Stacey Dooley gets real about self-care, sustainable shopping and Strictly Come Dancing

Stacey Dooley

People


Stacey Dooley gets real about self-care, sustainable shopping and Strictly Come Dancing

By Helen Bownass

7 years ago

Stylist cosies up with Stacey Dooley to uncover the documentary maker’s softer side.

The Venn diagram
of Stacey Dooley’s life is a unique one. On one side, you’ve got Stacey Dooley the hard-hitting documentary maker, who confronts paedophiles in Tokyo, comes face to face with members of Isis in Iraq and talks to underage sex slaves in Cambodia. On the other, there is Dooley, smothered in sequins, doing the American smooth round the dancefloor to I Dreamed A Dream in Strictly Come Dancing on a Saturday night. Strictly is the ultimate telly comfort blanket: you know what you’re getting, and how it will make you feel. There’s razzle, there’s dazzle, and there are journeys.

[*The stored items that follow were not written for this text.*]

lemma polygon_determines_mset:
  assumes "length es = length ds" "set ds \<subseteq> {0..h}" "set es \<subseteq> {0..h}"
    and "\<forall>x\<in>{0..real_of_int h}. polygon h es x = polygon h ds x"
  shows "mset es = mset ds"
proof (rule mset_eq_if_slope_count_eq)
  fix k
  consider "k < 0" | "h \<le> k" | "0 \<le> k" "k < h"
    by linarith
  then show "slope_count h es k = slope_count h ds k"
  proof cases
    case 1
    with assms(2,3) show ?thesis
      by (simp add: slope_count_eq_0 subset_iff)
  next
    case 2
    with assms(1-3) show ?thesis
      by (simp add: slope_count_eq_length subset_iff)
  next
    case 3
    have "polygon h xs (real_of_int k + 1) = polygon h xs k + slope_count h xs k / length xs" for xs
      using polygon_affine_on_unit_interval[of k "real_of_int k + 1"] by simp
    moreover have "polygon h es x = polygon h ds x" if "x \<in> {real_of_int k, real_of_int k + 1}" for x
      using assms(4) 3 that by auto
    ultimately have "real (slope_count h es k) / length ds = slope_count h ds k / length ds"
      using assms(1) by (metis add_left_cancel insertCI)
    moreover have "slope_count h xs k \<le> length xs" for xs
      by (simp add: slope_count_def)
    ultimately show ?thesis
      using assms(1) by (cases "length ds = 0") auto
  qed
qed

lemma polygon_class_slopesE:
  assumes "P \<in> polygon_class h N" "N \<ge> 1"
  obtains m :: "int \<Rightarrow> int" where
    "\<And>k. 0 \<le> k \<Longrightarrow> k < h \<Longrightarrow> 0 \<le> m k \<and> m k \<le> N"
    "\<And>k x. 0 \<le> k \<Longrightarrow> k < h \<Longrightarrow> k \<le> x \<Longrightarrow> x \<le> real_of_int k + 1 \<Longrightarrow> P x = P k + m k / N * (x - k)"
    "\<And>k. 0 \<le> k \<Longrightarrow> k + 1 < h \<Longrightarrow> m k \<le> m (k + 1)"
proof -
  have "\<forall>k. \<exists>m::int. 0 \<le> k \<and> k < h \<longrightarrow> 0 \<le> m / real N \<and> m / real N \<le> 1 \<and>
      (\<forall>x\<in>{real_of_int k..real_of_int k + 1}. P x = P k + m / real N * (x - k))"
    using assms(1) unfolding polygon_class_def by blast
  then obtain m :: "int \<Rightarrow> int" where m: "\<And>k. 0 \<le> k \<Longrightarrow> k < h \<Longrightarrow>
      0 \<le> m k / real N \<and> m k / real N \<le> 1 \<and>
      (\<forall>x\<in>{real_of_int k..real_of_int k + 1}. P x = P k + m k / real N * (x - k))"
    by (metis (no_types))
  have N: "real N > 0"
    using assms(2) by simp
  show thesis
  proof
    show "0 \<le> m k \<and> m k \<le> N" if "0 \<le> k" "k < h" for k
    proof -
      have "0 \<le> m k / real N" "m k / real N \<le> 1"
        using m[OF that] by blast+
      with N show ?thesis
        by (simp add: field_simps)
    qed
    show affine: "P x = P k + m k / N * (x - k)"
      if "0 \<le> k" "k < h" "k \<le> x" "x \<le> real_of_int k + 1" for k x
      using m[OF that(1,2)] that(3,4) atLeastAtMost_iff by blast
    show "m k \<le> m (k + 1)" if "0 \<le> k" "k + 1 < h" for k
    proof -
      have "P (real_of_int k + 1) - P k \<le> P (real_of_int k + 2 * 1) - P (real_of_int k + 1)"
        using assms(1) that unfolding polygon_class_def
        by (intro convex_on_increment_mono[of "{0..real_of_int h}"]) auto
      moreover have "P (real_of_int k + 1) = P k + m k / N"
        using affine[of k "real_of_int k + 1"] that by simp
      moreover have "P (real_of_int k + 2) = P (real_of_int k + 1) + m (k + 1) / N"
        using affine[of "k + 1" "real_of_int k + 2"] that by simp
      ultimately have "m k / real N \<le> m (k + 1) / real N"
        by simp
      with N show ?thesis
        by (simp add: divide_le_cancel)
    qed
  qed
qed
(* Let $(\mathcal{C},\mathbb{E},\mathfrak{s})$ be an extriangulated category with enough injective objects and enough projective morphisms, and let $\mathbb{F}\subseteq\mathbb{E}$ be an additive subfunctor having enough injective morphisms. Then: (1) the pair $\big({}^{\perp_{\mathbb{E}}}(\mathbb{F}\text{-}\mathrm{inj}),\ ({}^{\perp_{\mathbb{E}}}(\mathbb{F}\text{-}\mathrm{inj}))^{\perp_{\mathbb{E}}}\big)$ is a complete $\mathbb{E}$-cotorsion pair of ideals; (2) $\mathrm{Ph}(\mathbb{F})^{\perp_{\mathbb{E}}}=\mathrm{Ph}(\mathbb{F})^\star\text{-}\mathrm{inj}$, and $\mathrm{Ph}(\mathbb{F})^{\perp_{\mathbb{E}}}$ is the minimal ideal containing $\mathbb{F}\text{-}\mathrm{inj}$ and satisfying property (C), i.e. it contains $\mathbb{F}\text{-}\mathrm{inj}$, satisfies (C), and is contained in every ideal that contains $\mathbb{F}\text{-}\mathrm{inj}$ and satisfies (C); (3) $\mathrm{Ph}(\mathbb{F})^\star$ is the maximal additive subfunctor of $\mathbb{F}$ having enough special injective morphisms, i.e. $\mathrm{Ph}(\mathbb{F})^\star\subseteq\mathbb{F}$, it has enough special injective morphisms, and it contains every additive subfunctor $\mathbb{F}'\subseteq\mathbb{F}$ having enough special injective morphisms.
   Context: An extriangulated category $(\mathcal{C},\mathbb{E},\mathfrak{s})$ (Nakaoka–Palu): additive $\mathcal{C}$, biadditive $\mathbb{E}:\mathcal{C}^{\mathrm{op}}\times\mathcal{C}\to\mathrm{Ab}$, additive realization $\mathfrak{s}$ assigning to each $\delta\in\mathbb{E}(C,A)$ an equivalence class of sequences $A\to B\to C$, forming $\mathbb{E}$-triangles $A\to B\to C\overset{\delta}{\dashrightarrow}$, satisfying (ET1)–(ET4), (ET3)$^{\mathrm{op}}$, (ET4)$^{\mathrm{op}}$. Notation $a_\star\delta=\mathbb{E}(C,a)(\delta)$, $c^\star\delta=\mathbb{E}(c,A)(\delta)$; a morphism of $\mathbb{E}$-triangles is a commuting triple $(a,b,c)$ with $a_\star\delta=c^\star\delta'$. Injective object $E$: $\mathbb{E}(C,E)=0$ for all $C$; enough injective objects: every $A$ admits an $\mathbb{E}$-triangle $A\to E\to C\overset{\delta}{\dashrightarrow}$ with $E$ injective. Enough projective morphisms: every $C$ admits an $\mathbb{E}$-triangle $K\to P\xrightarrow{p}C\overset{\gamma}{\dashrightarrow}$ with $p^\star\delta=0$ for all $\delta\in\mathbb{E}(C,A)$. Ideal: class of morphisms with zeros, closed under sums and two-sided composition. Additive subfunctor $\mathbb{F}$: subgroups $\mathbb{F}(C,A)\subseteq\mathbb{E}(C,A)$ stable under $a_\star,c^\star$; $\mathbb{F}$-triangles have extension in $\mathbb{F}$. $\mathrm{Ph}(\mathbb{F})$: morphisms $\varphi:X\to C$ with $\varphi^\star\delta\in\mathbb{F}(X,A)$ for all $\delta\in\mathbb{E}(C,A)$. $\mathbb{F}\text{-}\mathrm{inj}$: $i:A\to Y$ with $i_\star\delta=0$ for all $\delta\in\mathbb{F}(C,A)$. For an ideal $\mathcal{I}$, $\mathcal{I}^\star(X,A)=\{i^\star\delta\mid i\in\mathcal{I}(X,C),\delta\in\mathbb{E}(C,A)\}$. $\mathbb{F}$ has enough injective morphisms: every $A$ admits an $\mathbb{F}$-triangle $A\xrightarrow{e}B\to C\overset{\delta}{\dashrightarrow}$ with $e\in\mathbb{F}\text{-}\mathrm{inj}$; enough special injective morphisms: moreover there is an $\mathbb{E}$-triangle $A\to B'\to C'\overset{\delta'}{\dashrightarrow}$ and a morphism $(\mathrm{id}_A,b,\varphi)$ from the former to it with $\varphi\in\mathrm{Ph}(\mathbb{F})$. $\mathcal{M}^{\perp_{\mathbb{E}}}=\{g:A\to Y\mid m^\star g_\star\delta=0\ \forall m\in\mathcal{M},\,m:X\to C,\ \forall\delta\in\mathbb{E}(C,A)\}$; ${}^{\perp_{\mathbb{E}}}\mathcal{M}=\{g:X\to C\mid g^\star m_\star\delta=0\ \forall m\in\mathcal{M},\,m:A\to Y,\ \forall\delta\in\mathbb{E}(C,A)\}$. $\mathbb{E}$-cotorsion pair: $\mathcal{I}={}^{\perp_{\mathbb{E}}}\mathcal{J}$, $\mathcal{J}=\mathcal{I}^{\perp_{\mathbb{E}}}$; complete if $\mathcal{I}$ is special precovering (each $C$ has $i:X\to C$ in $\mathcal{I}$ with a morphism $(j,b,\mathrm{id}_C)$ of $\mathbb{E}$-triangles from some $A\to B\to C\overset{\delta}{\dashrightarrow}$ to some $A'\to X\xrightarrow{i}C\overset{\delta'}{\dashrightarrow}$, $j\in\mathcal{I}^{\perp_{\mathbb{E}}}$) and $\mathcal{J}$ is special preenveloping (each $A$ has $e:A\to X$ in $\mathcal{J}$ with a morphism $(\mathrm{id}_A,b,j)$ from some $A\xrightarrow{e}X\to Y\overset{\delta}{\dashrightarrow}$ to some $A\to B\to C\overset{\delta'}{\dashrightarrow}$, $j\in{}^{\perp_{\mathbb{E}}}\mathcal{J}$). Property (C) of an ideal $\mathcal{K}$: for every morphism of $\mathbb{E}$-triangles $(f,g,h)$ from $A\to B\to E\overset{\gamma}{\dashrightarrow}$ to $X\to Y\to Z\overset{\delta}{\dashrightarrow}$ with $f\in\mathcal{K}$ and $E$ injective, one has $g\in\mathcal{K}$. *)

theory Defs
  imports Main
begin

Which is why when we were deciding who to put on the cover of our cosy issue, Dooley came to mind. If nine years of making Stylist/a lifetime of being female living on this Earth have taught us anything, it’s that women can be many things. They can be ambitious and maternal. Silly and serious. Cosy and hard-hitting. The intersection of the Venn diagram is frequently the most interesting part.

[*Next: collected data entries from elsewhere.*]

text \<open>Summing the \<open>T\<close>-exponents of the image gives \<open>\<Sum>\<alpha> + |b| (\<Sum>\<beta> + \<gamma>)\<close>.\<close>
lemma same_fibre_sum_eq:
  assumes "same_fibre m b \<alpha> \<beta> \<gamma> \<alpha>' \<beta>' \<gamma>'"
  shows "(\<Sum>i=1..m. \<alpha> i) = (\<Sum>i=1..m. \<alpha>' i)"
proof -
  have total: "(\<Sum>i=1..m. \<alpha> i + bsum m b * \<beta> i + \<gamma> * b i)
      = (\<Sum>i=1..m. \<alpha> i) + bsum m b * ((\<Sum>i=1..m. \<beta> i) + \<gamma>)" for \<alpha> \<beta> \<gamma>
    by (simp add: sum.distrib bsum_def algebra_simps flip: sum_distrib_left sum_distrib_right)
  have "(\<Sum>i=1..m. \<alpha> i + bsum m b * \<beta> i + \<gamma> * b i) = (\<Sum>i=1..m. \<alpha>' i + bsum m b * \<beta>' i + \<gamma>' * b i)"
    using assms unfolding same_fibre_def by (intro sum.cong) auto
  then show ?thesis
    using assms unfolding total same_fibre_def by simp
qed

lemma in_S_mult:
  assumes "in_S m p" "in_S m q"
  shows "in_S m (p * q)"
  unfolding in_S_def
proof
  fix u assume "u \<in> keys (p * q)"
  then obtain a c where "u = a + c" "a \<in> keys p" "c \<in> keys q"
    using keys_mult by blast
  with assms show "keys u \<subseteq> S_vars m"
    unfolding in_S_def using keys_add[of a c] by blast
qed

lemma in_S_single: "keys u \<subseteq> S_vars m \<Longrightarrow> in_S m (single u c)"
  by (simp add: in_S_def)

lemma S_idealI:
  fixes n :: nat
  assumes "x = (\<Sum>i<n. s i * g i)" "\<And>i. i < n \<Longrightarrow> in_S m (s i) \<and> g i \<in> G"
  shows "x \<in> S_ideal m G"
  unfolding S_ideal_def using assms by blast

lemma S_ideal_zero: "0 \<in> S_ideal m G"
  by (rule S_idealI[where n=0]) simp_all

lemma S_ideal_gen: "g \<in> G \<Longrightarrow> in_S m s \<Longrightarrow> s * g \<in> S_ideal m G"
  by (rule S_idealI[where n=1 and s="\<lambda>_. s" and g="\<lambda>_. g"]) simp_all

lemma S_ideal_add:
  assumes "x \<in> S_ideal m G" "y \<in> S_ideal m G"
  shows "x + y \<in> S_ideal m G"
proof -
  obtain n1 :: nat and s1 g1 where x: "x = (\<Sum>i<n1. s1 i * g1 i)" "\<forall>i<n1. in_S m (s1 i) \<and> g1 i \<in> G"
    using assms(1) unfolding S_ideal_def by blast
  obtain n2 :: nat and s2 g2 where y: "y = (\<Sum>i<n2. s2 i * g2 i)" "\<forall>i<n2. in_S m (s2 i) \<and> g2 i \<in> G"
    using assms(2) unfolding S_ideal_def by blast
  define s where "s i = (if i < n1 then s1 i else s2 (i - n1))" for i
  define g where "g i = (if i < n1 then g1 i else g2 (i - n1))" for i
  show ?thesis
  proof (rule S_idealI)
    show "x + y = (\<Sum>i<n1 + n2. s i * g i)"
      by (simp add: x y s_def g_def sum_lessThan_add)
    show "in_S m (s i) \<and> g i \<in> G" if "i < n1 + n2" for i
      using x(2) y(2) that by (auto simp: s_def g_def)
  qed
qed

lemma S_ideal_mult:
  assumes "x \<in> S_ideal m G" "in_S m t"
  shows "t * x \<in> S_ideal m G"
proof -
  obtain n :: nat and s g where x: "x = (\<Sum>i<n. s i * g i)" "\<forall>i<n. in_S m (s i) \<and> g i \<in> G"
    using assms(1) unfolding S_ideal_def by blast
  show ?thesis
  proof (rule S_idealI)
    show "t * x = (\<Sum>i<n. (t * s i) * g i)"
      by (simp add: x sum_distrib_left mult.assoc)
    show "in_S m (t * s i) \<and> g i \<in> G" if "i < n" for i
      using x(2) assms(2) that by (auto intro: in_S_mult)
  qed
qed

lemma S_ideal_uminus: "x \<in> S_ideal m G \<Longrightarrow> - x \<in> S_ideal m G"
  using S_ideal_mult[of x m G "- 1"] by (simp add: in_S_def)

We see Dooley’s duality on screen often
in both Strictly and her documentaries, where she is curious, disarming and often tactile, before she throws in a zinger of a tough question. In person, too, Dooley is warm, chatty and fun. She obliviously sings, “The river is going to get you”, to Gloria Estefan’s Rhythm Is Gonna Get You and gamely lets us wrap her up like 
a woolly sausage roll on our cover shoot.
But there is also a steel to her, a bravery.

Thirty-one-year-old Dooley’s route to screen is utterly atypical – especially in the male-dominated world of documentaries where she has made her name. She grew up in Luton, and was working at Luton Airport on a beauty counter when in 2008 her mum saw an advert looking for people to take part in the BBC Three documentary Blood, Sweat And T-Shirts. Filming it in India, she witnessed first-hand the sweatshops and child labour that make so many of the clothes for the high street. It lit a fuse in her that’s seen her travel the world investigating everything from the worst places to be a woman, to fascism, homelessness and the sex trade. “I think all the time about where I’d be if I hadn’t done it,” she laughs. “I’d probably still be at Luton Airport! Which is no bad thing.”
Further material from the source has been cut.